Andrew Zolli, author of the prescient 2012 book, Resilience, is attending this year’s WEF and posted earlier this morning from Davos that “early threats are haunting early conversations here this year … but alongside the whispered trepidation, there are currents of hope, a determination to bolster multilateralism and collaboration, and a bias now toward action.”
He will be joining a session later today focused on ‘AI for a Resilient World: Innovating Social and Economic Transformation” — what he acknowledges is “a dry title for a critical topic exploring how we use these superpower tools to bolster resilience— the ability to persist, recover and even thrive amid disruption, and to help some of the world’s most vulnerable.”
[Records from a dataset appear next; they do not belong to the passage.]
(* Let $m,L,T$ be positive integers with $T \ge (m+1)L-1$, let $k$ be an integer, and let $u_{k-T},u_{k-T+1},\dots,u_k \in \mathbb{R}^m$. Suppose that the signal $u_{[k-T,k-1]}$ is persistently exciting of order $L$. Write the Hankel matrix of $u_{[k-T+1,k]}$ in block form $$\mathcal{H}_L(u_{[k-T+1,k]}) = \begin{bmatrix} H_{11,k} & H_{12,k}\\ H_{21,k} & u_k\end{bmatrix}$$ as described in the context. Then: (i) $\operatorname{rank}\begin{bmatrix} H_{11,k} & H_{12,k}\end{bmatrix} = mL-m$, i.e. $\begin{bmatrix} H_{11,k} & H_{12,k}\end{bmatrix}$ has linearly independent rows; (ii) $mL-1 \le \operatorname{rank}\begin{bmatrix} H_{11,k}\\ H_{21,k}\end{bmatrix} \le mL$; (iii) $mL-1 \le \operatorname{rank}\,\mathcal{H}_L(u_{[k-T+1,k]}) \le mL$.
   Context: For vectors $u_i\in\mathbb{R}^m$, $u_{[i,j]}$ denotes the stacked vector $(u_i^\top,\dots,u_j^\top)^\top \in \mathbb{R}^{(j-i+1)m}$. The (block) Hankel matrix of depth $L$ of a signal $u_{[k-T+1,k]}$ is the $mL\times(T-L+1)$ matrix $$\mathcal{H}_L(u_{[k-T+1,k]}) = \begin{bmatrix} u_{k-T+1} & u_{k-T+2} & \cdots & u_{k-L+1}\\ u_{k-T+2} & u_{k-T+3} & \cdots & u_{k-L+2}\\ \vdots & \vdots & & \vdots\\ u_{k-T+L} & u_{k-T+L+1} & \cdots & u_k\end{bmatrix},$$ whose $(i,j)$ block entry is $u_{k-T+i+j-1}$ ($i=1,\dots,L$, $j=1,\dots,T-L+1$). It is partitioned as $\begin{bmatrix} H_{11,k} & H_{12,k}\\ H_{21,k} & u_k\end{bmatrix}$, where $H_{11,k}\in\mathbb{R}^{m(L-1)\times(T-L)}$ consists of the first $m(L-1)$ rows and first $T-L$ columns, $H_{12,k}\in\mathbb{R}^{m(L-1)}$ is the first $m(L-1)$ entries of the last column, $H_{21,k}\in\mathbb{R}^{m\times(T-L)}$ is the last $m$ rows of the first $T-L$ columns, and the bottom-right block is $u_k$. The Hankel matrix of $u_{[k-T,k-1]}$ is defined analogously with all indices shifted by $-1$. A signal $u_{[s-T+1,s]}$ is persistently exciting of order $L$ if $\operatorname{rank}\mathcal{H}_L(u_{[s-T+1,s]}) = mL$. *)

theory Defs
  imports "Jordan_Normal_Form.DL_Rank"
begin
(* There is a randomized algorithm that, for any finite family $\mathcal{F}\subset\mathbb{R}^{n\times n}$, any $\epsilon,\delta\in(0,1)$, and any unknown $\mathbf{A}\in\mathbb{R}^{n\times n}$ accessible only via vector-matrix-vector queries $(\mathbf{x},\mathbf{y})\mapsto\mathbf{x}^\mathsf{T}\mathbf{A}\mathbf{y}$, issues $O(\log(|\mathcal{F}|/\delta)/\epsilon^2)$ such queries and, with probability greater than $1-\delta$, returns $\tilde{\mathbf{B}}\in\mathcal{F}$ satisfying $\|\mathbf{A}-\tilde{\mathbf{B}}\|_\mathsf{F}\le(1+\epsilon)\min_{\mathbf{B}\in\mathcal{F}}\|\mathbf{A}-\mathbf{B}\|_\mathsf{F}$.
   Context: In the vector-matrix-vector query model the algorithm knows $\mathcal{F}$ and may query the scalar $\mathbf{x}^\mathsf{T}\mathbf{A}\mathbf{y}$ for vectors $\mathbf{x},\mathbf{y}\in\mathbb{R}^n$ of its choice. *)

theory Defs
  imports "HOL-Probability.Probability"
begin

text \<open>Real n x n matrices are modelled as functions nat => nat => real (only entries with
indices < n matter); vectors in R^n as nat => real (only entries < n matter).\<close>

type_synonym rvec = "nat \<Rightarrow> real"
type_synonym rmat = "nat \<Rightarrow> nat \<Rightarrow> real"

definition vmv :: "nat \<Rightarrow> rmat \<Rightarrow> rvec \<Rightarrow> rvec \<Rightarrow> real" where
  "vmv n A x y = (\<Sum>i<n. \<Sum>j<n. x i * A i j * y j)"

definition frob_dist :: "nat \<Rightarrow> rmat \<Rightarrow> rmat \<Rightarrow> real" where
  "frob_dist n A B = sqrt (\<Sum>i<n. \<Sum>j<n. (A i j - B i j)^2)"
lemma e_even_fps_mult_denominator:
  "e_even_fps k * ((1 - fps_X) ^ (2 * ((k + 1) div 2) + 1) * (1 + fps_X\<^sup>2) ^ (k div 2 + 1))
     = fps_X ^ k * fps_of_poly (pcompose (losanitsch_poly (k + 2)) [:0, -1:])"
proof -
  define E where "E = 2 * ((k + 1) div 2) + 1"
  define P :: "rat fps" where "P = (1 + fps_X\<^sup>2) ^ (k div 2 + 1)"
  have exponents: "E = (k + 1) + k mod 2" "k + 2 = (1 - k mod 2) + E"
    unfolding E_def by presburger+
  have powers: "(1 - fps_X) ^ E = (1 - fps_X) ^ (k + 1) * (1 - fps_X) ^ (k mod 2)"
      "(1 - fps_X) ^ (1 - k mod 2) * (1 - fps_X) ^ E = (1 - fps_X :: rat fps) ^ (k + 2)"
    by (simp only: exponents(1) power_add) (simp only: exponents(2) power_add)
  have "2 * (e_even_fps k * ((1 - fps_X) ^ E * P))
      = binomial_fps k * (1 - fps_X) ^ E * P + parity_balance_fps (int k) * P * (1 - fps_X) ^ E"
    unfolding mult.assoc [symmetric] double_e_even_fps by (simp only: distrib_right distrib_left ac_simps)
  also have "\<dots> = fps_X ^ k * ((1 - fps_X) ^ (k mod 2) * P + (1 - fps_X) ^ (k + 2))"
  proof -
    have "binomial_fps k * (1 - fps_X) ^ E = fps_X ^ k * (1 - fps_X) ^ (k mod 2)"
      unfolding powers(1) mult.assoc [symmetric] binomial_fps_mult_power ..
    moreover have "parity_balance_fps (int k) * P * (1 - fps_X) ^ E = fps_X ^ k * (1 - fps_X) ^ (k + 2)"
      unfolding P_def parity_balance_fps_closed mult.assoc powers(2) ..
    ultimately show ?thesis by (simp only: distrib_left ac_simps)
  qed
  also have "\<dots> = 2 * (fps_X ^ k * fps_of_poly (pcompose (losanitsch_poly (k + 2)) [:0, -1:]))"
  proof -
    have "2 * fps_of_poly (pcompose (losanitsch_poly (k + 2)) [:0, -1:])
        = (1 - fps_X) ^ (k mod 2) * P + (1 - fps_X) ^ (k + 2)"
      unfolding double_fps_losanitsch_neg P_def
      by (simp only: mod_add_self2 div_add_self2[of 2, simplified] add.commute)
    then show ?thesis by (simp only: mult.left_commute[of 2])
  qed
  finally show ?thesis unfolding E_def P_def by simp
qed

theorem proposition3p4:
  fixes k :: nat
  shows "Abs_fps (\<lambda>n. of_nat (e_even n (int n - int k)) :: rat) =
    fps_X ^ k / ((1 - fps_X) ^ (2 * ((k + 1) div 2) + 1) * (1 + fps_X ^ 2) ^ (k div 2 + 1))
    * fps_of_poly (pcompose (losanitsch_poly (k + 2)) [:0, -1:])"
proof -
  define D :: "rat fps"
    where "D = (1 - fps_X) ^ (2 * ((k + 1) div 2) + 1) * (1 + fps_X ^ 2) ^ (k div 2 + 1)"
  have "D $ 0 \<noteq> 0" by (simp add: D_def fps_nth_power_0)
  then have "D \<noteq> 0" "subdegree D = 0" by (auto simp: subdegree_eq_0_iff)
  then have "fps_X ^ k / D * fps_of_poly (pcompose (losanitsch_poly (k + 2)) [:0, -1:])
      = (e_even_fps k * D) / D"
    using e_even_fps_mult_denominator[of k] by (simp add: D_def fps_divide_times2)
  also have "\<dots> = e_even_fps k" using \<open>D \<noteq> 0\<close> by (rule fps_divide_times_eq)
  finally show ?thesis unfolding D_def e_even_fps_def by simp
qed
It should be a great conversation. In his 2012 book, Andrew said:
“There are no finish lines here and no silver bullets. Resilience must be continuously refreshed and committed to because there is no single recipe for every circumstance that will come next. We must redesign our institutions, embolden our communities, encourage innovation and experimentation, and support our people in ways that will help them be prepared to cope with surprises and disruptions, even as we work to fend them off.”
A week in Davos won’t make any of this happen, nor quickly, but changing the narrative now about what’s possible, whether by the leaders in Davos this week or by you and us in our own work, will definitely help to get us all moving in the right direction.